I have a PAR workshop tomorrow- anyone been to one? It's the last hurdle (I believe/hope) before we get allocated our assessing SW...kinda nervous cause it's all 'official' then.. Our references etc have been sent off but we haven't started HS...

Hope those at prep/finishing prep have enjoyed it as much as we did! 

Hi to all! Xx


----------



## bluedreams

We got to our first prep group next Wednesday evening. Not sure if I'm nervous scared or excited!!!


----------



## MummyAuntieKatie

Be excited about Prep, we met some lovely people and I hope have come away with some good friends, it was also informative and whilst it could be harrowing at times was also fun.  Hope you enjoy xx


----------



## Mummy DIY Diva

I was terrified but we're loving it been great so far x x


----------



## Lizard39

OMG - very excited   officially been accepted by the LA now as got all the paperwork through this morning & we have been given an approval panel date in December! 

Hope everyone is ok & looking forward to the weekend


----------



## Primmer

Lizard - that is great news - how exciting!!!!!!


----------



## flickJ

That's wonderful news Lizard, you must be so relieved


----------



## bluedreams

Woohoo congrats lizard   xxx


----------



## AdoptionDreams

Hi everyone,

Just arrived home from 2 weeks in Mexico. Loved EVERY second - suffering from jet lag now though. DH and I have our prep group on the 12th & 19th July. It's over 2 days 10am-4pm. So excited to get started xx


----------



## Lizard39

2 weeks relaxing in Mexico sounds wonderful - bet you are full rested AdoptionDreams. Funny how LA/VA's are so different - your prep group is over 2 days 10-4pm & ours is 3 days 9:30-4pm - it's amazing that there is no standards across the country! 

How is everyone else getting on? 

Blue dreams - how did your prep evening go last week?

Bella - how was the PAR workshop? I've never heard of one of those before? What was covered?

Gwyneth - how was your second Prep day? Do you have any more? When do you start HS?

Sunflower - did your Hubby manage to get his leave? Are you booked into Prep next month or do you have to wait til October

Primmer - any news yet? 

Flick - any news on when you can 'get started?

Hello oleven, Marley,inmydreams, happy penguin, handstitchedmum & pumpkin. Hope you are all well & progressing or enjoying the time til you start!

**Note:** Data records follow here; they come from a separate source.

(* Let $S$ be a finite non-abelian simple group and let $p$ be a prime with $\gcd(|S|,p)=1$. Then $S\times\mathbb{Z}_p$ is $\psi$-normal divisible. In particular, for every prime $p$ with $\gcd(60,p)=1$, the group $A_5\times\mathbb{Z}_p$ is $\psi$-normal divisible.
   Context: For a finite group $G$, $\psi(G)=\sum_{x\in G} o(x)$ denotes the sum of the orders of all elements of $G$. A finite group $G$ is called $\psi$-normal divisible if $\psi(H)$ divides $\psi(G)$ for every normal subgroup $H$ of $G$. *)

theory Defs
  imports "HOL-Algebra.Algebra"
begin

definition psi :: "('a, 'b) monoid_scheme \<Rightarrow> nat" where
  "psi G = (\<Sum>x\<in>carrier G. group.ord G x)"

definition psi_normal_divisible :: "('a, 'b) monoid_scheme \<Rightarrow> bool" where
  "psi_normal_divisible G \<longleftrightarrow>
     (\<forall>H. H \<lhd> G \<longrightarrow> psi (G\<lparr>carrier := H\<rparr>) dvd psi G)"

end

theory Submission
  imports Defs "HOL-Combinatorics.Multiset_Permutations"
begin

text \<open>For finite groups \<open>G\<close> and \<open>H\<close> of coprime order, the order of \<open>(a, b)\<close> is
  \<open>ord a \<cdot> ord b\<close>, and every normal subgroup of \<open>G \<times> H\<close> is a product \<open>A \<times> B\<close> of normal
  subgroups, because raising to the power \<open>|H|\<close> kills the second coordinate and acts invertibly
  on the first. So the sum of element orders over a normal subgroup factors, and
  \<open>\<psi>\<close>-normal divisibility passes from \<open>G\<close> and \<open>H\<close> to \<open>G \<times> H\<close>; simple groups, in particular
  \<open>\<int>\<^sub>p\<close>, have it trivially. For \<open>A\<^sub>5 \<times> \<int>\<^sub>p\<close> it remains to see that \<open>A\<^sub>5\<close> is simple: a nontrivial
  normal subgroup contains a 3-cycle and hence, all 3-cycles being conjugate in \<open>A\<^sub>5\<close>, every
  3-cycle; these generate \<open>A\<^sub>5\<close>.\<close>

lemma ord_subgroup_restrict:
  assumes "group G" and "subgroup H G"
  shows "group.ord (G\<lparr>carrier := H\<rparr>) x = group.ord G x"
proof -
  have "group (G\<lparr>carrier := H\<rparr>)"
    using assms by (rule group.subgroup_imp_group)
  then show ?thesis
    unfolding group.ord_def[OF assms(1)] group.ord_def[OF \<open>group (G\<lparr>carrier := H\<rparr>)\<close>]
    by (simp add: nat_pow_def)
qed
lemma less_inf_of_map_fact:
  assumes "less_inf e (map_fact h f)" "set (snd f) \<subseteq> V" "inj_on h V"
    and "\<forall>v\<in>set (snd e). v \<noteq> 0 \<longrightarrow> v \<in> V \<and> h v = v"
  shows "less_inf e f"
  unfolding less_inf_def nullv_def
proof (intro conjI allI impI)
  show "fst e = fst f" "length (snd e) = length (snd f)"
    using assms(1) by (auto simp: less_inf_def map_fact_def)
  fix i assume i: "i < length (snd e)"
  show "snd e ! i = snd f ! i \<or> snd e ! i = 0"
  proof (cases "snd e ! i = 0")
    case False
    then have "h (snd e ! i) = h (snd f ! i)" "snd e ! i \<in> V" "snd f ! i \<in> V"
      using assms i nth_mem by (fastforce simp: less_inf_def map_fact_def nullv_def)+
    then show ?thesis using assms(3) by (simp add: inj_on_eq_iff)
  qed simp
qed

section \<open>Order-preserving compression of values\<close>

definition last_below :: "nat set \<Rightarrow> nat \<Rightarrow> nat" where
  "last_below K v = Max (insert 0 {k\<in>K. k < v})"

definition compress :: "nat set \<Rightarrow> nat set \<Rightarrow> nat \<Rightarrow> nat" where
  "compress K V v =
     (if v \<in> K then v else last_below K v + card {u \<in> V - K. last_below K v < u \<and> u \<le> v})"

lemma compress_fixes: "k \<in> K \<Longrightarrow> compress K V k = k"
  by (simp add: compress_def)

context
  fixes K :: "nat set"
  assumes finite_K: "finite K"
begin

lemma last_below_in: "last_below K v \<in> insert 0 K"
  using Max_in[of "insert 0 {k\<in>K. k < v}"] finite_K by (auto simp: last_below_def)

lemma le_last_below: "k \<in> K \<Longrightarrow> k < v \<Longrightarrow> k \<le> last_below K v"
  unfolding last_below_def using finite_K by (intro Max_ge) auto

lemma last_below_less: "0 < v \<Longrightarrow> last_below K v < v"
  unfolding last_below_def using finite_K by (subst Max_less_iff) auto

lemma last_below_mono: "u \<le> v \<Longrightarrow> last_below K u \<le> last_below K v"
  unfolding last_below_def using finite_K by (intro Max_mono) auto

lemma compress_le: "v \<notin> K \<Longrightarrow> 0 < v \<Longrightarrow> compress K V v \<le> v"
proof -
  assume v: "v \<notin> K" "0 < v"
  have "card {u \<in> V - K. last_below K v < u \<and> u \<le> v} \<le> card {last_below K v<..v}"
    by (intro card_mono) auto
  then show ?thesis using v last_below_less[of v] by (simp add: compress_def)
qed

lemma last_below_less_compress:
  assumes "finite V" "v \<in> V" "v \<notin> K" "0 < v"
  shows "last_below K v < compress K V v"
proof -
  have "v \<in> {u \<in> V - K. last_below K v < u \<and> u \<le> v}" using assms last_below_less[of v] by auto
  then have "card {u \<in> V - K. last_below K v < u \<and> u \<le> v} > 0"
    using assms(1) by (auto simp: card_gt_0_iff)
  then show ?thesis using assms(3) by (simp add: compress_def)
qed
lemma tracks_del_vertex:
  assumes x0: "x0 \<in> verts H" "\<forall>e\<in>edges H. x0 \<notin> ends H e"
    and t: "tracks (H\<lparr>verts := verts H - {x0}\<rparr>) H' \<pi>"
  shows "tracks H H' \<pi>"
proof -
  let ?H0 = "H\<lparr>verts := verts H - {x0}\<rparr>"
  have x0': "\<pi> x0 = x0" "x0 \<notin> verts H'" using tracksD(2,4)[OF t] by auto
  show ?thesis
  proof (rule tracksI)
    show "ends_wf H'" "edges H' \<subseteq> edges H" using tracksD(1,3)[OF t] by simp_all
    show "verts H' \<subseteq> verts H" using tracksD(2)[OF t] by auto
  next
    fix x assume "x \<notin> verts H"
    then show "\<pi> x = x" using tracksD(4)[OF t] by simp
  next
    fix g assume "g \<in> edges H'"
    then show "ends H' g = \<pi> ` ends H g" using tracksD(5)[OF t] by simp
  next
    fix f S assume f: "f \<notin> edges H" and S: "S \<subseteq> verts H" "card (\<pi> ` S) = 2" "\<pi> ` S \<subseteq> verts H'"
    then have "x0 \<notin> S" using x0' by auto
    then have "minor_step (add_edge H f S) ((add_edge H f S)\<lparr>verts := verts H - {x0}\<rparr>)"
      using minor_step.del_vertex[of x0 "add_edge H f S"] x0 by simp
    moreover have "(add_edge H f S)\<lparr>verts := verts H - {x0}\<rparr> = add_edge ?H0 f S"
      by (cases H) (simp add: add_edge_def)
    moreover have "minor_step\<^sup>*\<^sup>* (add_edge ?H0 f S) (add_edge H' f (\<pi> ` S))"
      using \<open>x0 \<notin> S\<close> f S by (intro tracksD(6)[OF t]) auto
    ultimately show "minor_step\<^sup>*\<^sup>* (add_edge H f S) (add_edge H' f (\<pi> ` S))"
      by (metis converse_rtranclp_into_rtranclp)
  next
    fix y x1 x2 assume x12: "y \<in> verts H'" "x1 \<in> verts H" "x2 \<in> verts H" "\<pi> x1 = y" "\<pi> x2 = y"
    then have "connected_in ?H0 {x \<in> verts ?H0. \<pi> x = y} x1 x2"
      using x0' by (intro tracksD(7)[OF t]) auto
    moreover have "{x \<in> verts ?H0. \<pi> x = y} = {x \<in> verts H. \<pi> x = y}" using x12 x0' by auto
    moreover have "adjacent_in ?H0 = adjacent_in H"
      unfolding adjacent_in_def by (intro ext) simp
    ultimately show "connected_in H {x \<in> verts H. \<pi> x = y} x1 x2" by simp
  qed
qed

lemma tracks_del_edge:
  assumes e: "e \<in> edges H" and t: "tracks (delete_edge H e) H' \<pi>"
  shows "tracks H H' \<pi>"
proof (rule tracksI)
  show "ends_wf H'" "verts H' \<subseteq> verts H" using tracksD(1,2)[OF t] by (simp_all add: delete_edge_def)
  show "edges H' \<subseteq> edges H" using tracksD(3)[OF t] by (auto simp: delete_edge_def)
next
  fix x assume "x \<notin> verts H"
  then show "\<pi> x = x" using tracksD(4)[OF t] by (simp add: delete_edge_def)
next
  fix g assume "g \<in> edges H'"
  then show "ends H' g = \<pi> ` ends H g" using tracksD(5)[OF t] by (simp add: delete_edge_def)
next
  fix f S assume f: "f \<notin> edges H" and S: "S \<subseteq> verts H" "card (\<pi> ` S) = 2" "\<pi> ` S \<subseteq> verts H'"
  have "minor_step (add_edge H f S) (delete_edge (add_edge H f S) e)"
    using e by (intro minor_step.del_edge) simp
  moreover have "delete_edge (add_edge H f S) e = add_edge (delete_edge H e) f S"
    using e f by (cases H) (auto simp: add_edge_def delete_edge_def insert_Diff_if)
  moreover have "minor_step\<^sup>*\<^sup>* (add_edge (delete_edge H e) f S) (add_edge H' f (\<pi> ` S))"
    using f S by (intro tracksD(6)[OF t]) (auto simp: delete_edge_def)
  ultimately show "minor_step\<^sup>*\<^sup>* (add_edge H f S) (add_edge H' f (\<pi> ` S))"
    by (metis converse_rtranclp_into_rtranclp)
next
  fix y x1 x2 assume "y \<in> verts H'" "x1 \<in> verts H" "x2 \<in> verts H" "\<pi> x1 = y" "\<pi> x2 = y"
  then have "connected_in (delete_edge H e) {x \<in> verts H. \<pi> x = y} x1 x2"
    using tracksD(7)[OF t] by (simp add: delete_edge_def)
  then show "connected_in H {x \<in> verts H. \<pi> x = y} x1 x2"
    by (rule connected_in_mono) (auto simp: delete_edge_def)
qed

lemma tracks_contract:
  assumes wf: "ends_wf H"
    and e: "e \<in> edges H" "ends H e = {a, b}" "a \<noteq> b"
       "\<forall>e'\<in>edges H. e' \<noteq> e \<longrightarrow> ends H e' \<noteq> ends H e"
    and t: "tracks (contracted H e a b) H' \<pi>"
  shows "tracks H H' (\<pi> \<circ> merge a b)"
proof -
  have ab: "a \<in> verts H" "b \<in> verts H" using wf e unfolding ends_wf_def by auto
  have merge_verts: "merge a b x \<in> verts (contracted H e a b)" if "x \<in> verts H" for x
    using that ab e(3) by auto
  have merge_image: "\<pi> ` merge a b ` X = (\<pi> \<circ> merge a b) ` X" for X
    by (simp only: image_comp)
  show ?thesis
  proof (rule tracksI)
    show "ends_wf H'" "verts H' \<subseteq> verts H" "edges H' \<subseteq> edges H" using tracksD(1-3)[OF t] by auto
    show "(\<pi> \<circ> merge a b) x = x" if "x \<notin> verts H" for x
      using that ab tracksD(4)[OF t, of x] by auto
  next
    fix g assume "g \<in> edges H'"
    then show "ends H' g = (\<pi> \<circ> merge a b) ` ends H g"
      unfolding merge_image[symmetric] using tracksD(5)[OF t] by (simp only: graph.select_convs)
  next
    fix f S assume f: "f \<notin> edges H"
      and S: "S \<subseteq> verts H" "card ((\<pi> \<circ> merge a b) ` S) = 2" "(\<pi> \<circ> merge a b) ` S \<subseteq> verts H'"
    have "S \<noteq> {a, b}"
    proof
      assume "S = {a, b}"
      then have "(\<pi> \<circ> merge a b) ` S = {\<pi> a}" using e(3) by auto
      then show False using S(2) by simp
    qed
    then have "minor_step (add_edge H f S) (add_edge (contracted H e a b) f (merge a b ` S))"
      using minor_step_add_edge_contract[OF e f] by blast
    moreover have "minor_step\<^sup>*\<^sup>* (add_edge (contracted H e a b) f (merge a b ` S))
                     (add_edge H' f (\<pi> ` merge a b ` S))"
    proof (rule tracksD(6)[OF t])
      show "f \<notin> edges (contracted H e a b)" using f by simp
      show "merge a b ` S \<subseteq> verts (contracted H e a b)" using S(1) merge_verts by blast
    qed (use S(2,3) in \<open>simp_all only: merge_image\<close>)
    ultimately show "minor_step\<^sup>*\<^sup>* (add_edge H f S) (add_edge H' f ((\<pi> \<circ> merge a b) ` S))"
      unfolding merge_image by (rule converse_rtranclp_into_rtranclp)
  next
    fix y x1 x2 assume x12: "y \<in> verts H'" "x1 \<in> verts H" "x2 \<in> verts H"
      "(\<pi> \<circ> merge a b) x1 = y" "(\<pi> \<circ> merge a b) x2 = y"
    then have "connected_in (contracted H e a b) {x \<in> verts (contracted H e a b). \<pi> x = y}
                 (merge a b x1) (merge a b x2)"
      using merge_verts by (intro tracksD(7)[OF t]) auto
    then show "connected_in H {x \<in> verts H. (\<pi> \<circ> merge a b) x = y} x1 x2"
      using x12 by (intro connected_in_contracted[OF wf e(1,2)]) auto
  qed
qed
(* Consider a wiretap setting with messages $\{1,\dots,M\}$, where $P_{Z|W=m}$ is the distribution of the eavesdropper observation $Z\in\mathcal{Z}$ when message $m$ is sent (for a fixed codebook), $P_Z:=\frac1M\sum_{m=1}^MP_{Z|W=m}$, and $\pi_Z$ is the distribution of $Z$ when no message is sent. Suppose the eavesdropper uses a measurable set $\mathcal{D}_0\subseteq\mathcal{Z}$ on which it declares that no message is sent, and upon observing $z\notin\mathcal{D}_0$ outputs a list of $T(z)$ messages; let $\mathcal{D}_m:=\{z\notin\mathcal{D}_0: m\text{ is in the list for }z\}$ and suppose $P_{Z|W=m}(\mathcal{D}_m)\ge1-\epsilon_m$ with $\epsilon_m\in[0,1]$; let $\epsilon:=\frac1M\sum_m\epsilon_m$. Let $A\in[1,\infty)$ and $\gamma\in[1,\infty)$. (i) If $\pi_Z(\mathcal{D}_0)\ge1-A^{-1}$, then $\frac1A\ge\frac1\gamma\big(1-\epsilon-E_\gamma(P_Z\|\pi_Z)\big)$. (ii) If $\mu_Z$ is any distribution on $\mathcal{Z}$ with $\mu_Z(\mathcal{D}_0)\ge1-A^{-1}$ and $\mu_Z(\mathcal{D}_0^c)>0$, and $T:=\frac1{\mu_Z(\mathcal{D}_0^c)}\int_{\mathcal{D}_0^c}T(z)\,d\mu_Z(z)$, then $$\frac{T}{MA}\ge\frac1\gamma\Big(1-\epsilon-\frac1M\sum_{m=1}^ME_\gamma(P_{Z|W=m}\|\mu_Z)\Big).$$
   Context: $E_\gamma(P\|Q):=\sup_{\mathcal{A}}\{P(\mathcal{A})-\gamma Q(\mathcal{A})\}$. *)

theory Defs
  imports "HOL-Probability.Probability"
begin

Question for everyone re references - do they have to provide written responses, telephone interview or face to face interview or all of the above? I'm not worried about it but my best mate who is a reference asked me at the weekend & I realise I don't have a clue!


----------



## happypenguin

Hi Lizard39

All of the references we supplied were sent a paper questionnaire to complete (we had to provide 6 of these for our scheme so yours may be less) and of the 6, 4 have been contacted by telephone and then  interviewed in person about the answers that they gave on the questionnaire.
All really relaxed yet quite detailed!


----------



## Mummy DIY Diva

Had my third day of prep this week and one more next week then wait to be allocated a SW and start HS. Hopefully will all go quickly I'm inpatient and not good at waiting   . Hope everyone is getting on well and anyone wanting for prep and SW's hears soon x x


----------



## flickJ

Hi Everyone,

Lizard - still waiting ...........        It all kicks of on Monday 1st July (new changes come into effect) and it has been terrible to try and not ring up this week to find out if the new application forms have been sent out. I keep thinking they must be flat out trying to get things sorted out and don't want to get annoying phone calls! Maybe I will give in and phone this afternoon  

Regarding the references, with the VA we used last year we needed one family reference and two others who all had written questionaires, this time with the LA we need two family (one each) and two others.  It is strange that everywhere seems different. As Happypenguin says, I was a little shocked about how much detail it goes into.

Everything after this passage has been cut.